_TASK PROMPT_
Count how many lines of the data include "assumes". The answer is that number and nothing else.
╭──
lemma fval_abs_diff_le:
  assumes n: "n \<ge> 1" and c: "\<forall>i\<in>{1..n}. c i \<ge> 0" and d: "\<forall>i\<in>{1..n}. d i \<ge> 0" and C: "C \<ge> 0"
    and cd: "\<forall>i\<in>{1..n-1}. d (i+1) - d i \<le> c (i+1)"
  shows "\<bar>fval n c d C s1 u1 - fval n c d C s2 u2\<bar> \<le>
    (C + (\<Sum>j=1..n. c j) + (\<Sum>j=1..n. d j)) * (\<Sum>i=1..n. \<bar>(u1 i - s1 i) - (u2 i - s2 i)\<bar>)"
proof -
  define B where "B = C + (\<Sum>j=1..n. c j) + (\<Sum>j=1..n. d j)"
  have one_sided: "fval n c d C s1 u1 - fval n c d C s2 u2 \<le>
      B * (\<Sum>i=1..n. \<bar>(u1 i - s1 i) - (u2 i - s2 i)\<bar>)" for s1 u1 s2 u2
  proof -
    obtain y where y: "y \<in> Yset n c d C" and le: "fval n c d C s1 u1 - fval n c d C s2 u2
        \<le> (\<Sum>i=1..n. y i * ((u1 i - s1 i) - (u2 i - s2 i)))"
      using fval_diff_le_dual[OF n d C cd] by blast
    note le
    also have "(\<Sum>i=1..n. y i * ((u1 i - s1 i) - (u2 i - s2 i)))
        \<le> (\<Sum>i=1..n. B * \<bar>(u1 i - s1 i) - (u2 i - s2 i)\<bar>)"
    proof (rule sum_mono)
      fix i
      let ?e = "(u1 i - s1 i) - (u2 i - s2 i)"
      have "y i * ?e \<le> \<bar>y i\<bar> * \<bar>?e\<bar>" using abs_ge_self[of "y i * ?e"] by (simp add: abs_mult)
      also have "\<dots> \<le> B * \<bar>?e\<bar>"
        using Yset_abs_le[OF c d C y, of i] by (intro mult_right_mono) (auto simp: B_def)
      finally show "y i * ?e \<le> B * \<bar>?e\<bar>" .
    qed
    finally show ?thesis by (simp add: sum_distrib_left)
  qed
  have "(\<Sum>i=1..n. \<bar>(u2 i - s2 i) - (u1 i - s1 i)\<bar>) = (\<Sum>i=1..n. \<bar>(u1 i - s1 i) - (u2 i - s2 i)\<bar>)"
    by (simp add: abs_minus_commute)
  then show ?thesis
    using one_sided[of s1 u1 s2 u2] one_sided[of s2 u2 s1 u1] by (simp add: B_def abs_le_iff)
qed

lemma continuous_on_fval:
  assumes n: "n \<ge> 1" and c: "\<forall>i\<in>{1..n}. c i \<ge> 0" and d: "\<forall>i\<in>{1..n}. d i \<ge> 0" and C: "C \<ge> 0"
    and cd: "\<forall>i\<in>{1..n-1}. d (i+1) - d i \<le> c (i+1)"
  shows "continuous_on S (\<lambda>(s, u). fval n c d C s u)"
proof (rule continuous_on_of_abs_diff_le)
  let ?g = "\<lambda>(z::(nat \<Rightarrow> real) \<times> (nat \<Rightarrow> real)) z'.
    (C + (\<Sum>j=1..n. c j) + (\<Sum>j=1..n. d j)) *
    (\<Sum>i=1..n. \<bar>(snd z i - fst z i) - (snd z' i - fst z' i)\<bar>)"
  show "\<bar>(case z of (s, u) \<Rightarrow> fval n c d C s u) - (case z' of (s, u) \<Rightarrow> fval n c d C s u)\<bar> \<le> ?g z z'"
    for z z' using fval_abs_diff_le[OF n c d C cd] by (simp add: case_prod_beta)
  have "continuous_on S (\<lambda>z. fst z i)" "continuous_on S (\<lambda>z. snd z i)" for i
    by (rule continuous_on_product_then_coordinatewise, rule continuous_on_fst continuous_on_snd,
        rule continuous_on_id)+
  then show "continuous_on S (\<lambda>z. ?g z z')" for z'
    by (intro continuous_intros)
  show "?g z z = 0" for z by simp
qed

lemma fval_lipschitz_pnorm:
  assumes n: "n \<ge> 1" and d: "\<forall>i\<in>{1..n}. d i \<ge> 0" and C: "C \<ge> 0"
    and cd: "\<forall>i\<in>{1..n-1}. d (i+1) - d i \<le> c (i+1)"
    and p: "p \<ge> 1" and q: "q \<ge> 1" and pq: "ereal (1/p) + inverse q = 1"
    and L: "\<forall>y\<in>Yset n c d C. qnorm n q y \<le> L"
  shows "\<bar>fval n c d C s u1 - fval n c d C s u2\<bar> \<le> L * pnorm n p (\<lambda>i. u1 i - u2 i)"
proof -
  have one_sided: "fval n c d C s u1 - fval n c d C s u2 \<le> L * pnorm n p (\<lambda>i. u1 i - u2 i)"
    for u1 u2
  proof -
    obtain y where y: "y \<in> Yset n c d C" and le: "fval n c d C s u1 - fval n c d C s u2
        \<le> (\<Sum>i=1..n. y i * (u1 i - u2 i))"
      using fval_diff_le_dual[OF n d C cd, of s u1 s u2] by auto
    note le
    also have "\<dots> \<le> qnorm n q y * pnorm n p (\<lambda>i. u1 i - u2 i)"
      by (rule sum_mult_le_qnorm_pnorm[OF p q pq n])
    also have "\<dots> \<le> L * pnorm n p (\<lambda>i. u1 i - u2 i)"
      using L y by (intro mult_right_mono) (auto simp: pnorm_def)
    finally show ?thesis .
  qed
  have "pnorm n p (\<lambda>i. u2 i - u1 i) = pnorm n p (\<lambda>i. u1 i - u2 i)"
    unfolding pnorm_def by (simp add: abs_minus_commute)
  then show ?thesis using one_sided[of u1 u2] one_sided[of u2 u1] by (simp add: abs_le_iff)
qed

theorem lemma5:
  fixes n :: nat and T C p :: real and q :: ereal
    and c d :: "nat \<Rightarrow> real" and U :: "(nat \<Rightarrow> real) set"
  assumes n: "n \<ge> 1" and T: "T > 0"
    and U: "U \<subseteq> vecs n"
    and c: "\<forall>i\<in>{1..n}. c i \<ge> 0" and d: "\<forall>i\<in>{1..n}. d i \<ge> 0" and C: "C \<ge> 0"
    and cd: "\<forall>i\<in>{1..n-1}. d (i+1) - d i \<le> c (i+1)"
    and p: "p \<ge> 1" and q: "q \<ge> 1" and pq: "ereal (1/p) + inverse q = 1"
  shows "continuous_on (Sset n T \<times> U) (\<lambda>(s, u). fval n c d C s u)
       \<and> (\<exists>L. (\<exists>y\<in>Yset n c d C. qnorm n q y = L) \<and> (\<forall>y\<in>Yset n c d C. qnorm n q y \<le> L)
            \<and> (\<forall>s\<in>Sset n T. \<forall>u1\<in>U. \<forall>u2\<in>U.
                 \<bar>fval n c d C s u1 - fval n c d C s u2\<bar> \<le> L * pnorm n p (\<lambda>i. u1 i - u2 i)))"
proof
  show "continuous_on (Sset n T \<times> U) (\<lambda>(s, u). fval n c d C s u)"
    by (rule continuous_on_fval[OF n c d C cd])
next
  have "(\<lambda>i. 0) \<in> Yset n c d C" using c d C by (auto simp: Yset_def vecs_def)
  then obtain y where "y \<in> Yset n c d C" and max: "\<forall>y'\<in>Yset n c d C. qnorm n q y' \<le> qnorm n q y"
    using continuous_attains_sup[OF compact_Yset[OF c d C] _ continuous_on_qnorm[OF n q]] by blast
  then show "\<exists>L. (\<exists>y\<in>Yset n c d C. qnorm n q y = L) \<and> (\<forall>y\<in>Yset n c d C. qnorm n q y \<le> L)
      \<and> (\<forall>s\<in>Sset n T. \<forall>u1\<in>U. \<forall>u2\<in>U.
           \<bar>fval n c d C s u1 - fval n c d C s u2\<bar> \<le> L * pnorm n p (\<lambda>i. u1 i - u2 i))"
    using fval_lipschitz_pnorm[OF n d C cd p q pq max] by blast
qed

end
╰──
_WORKED SOLUTION_
4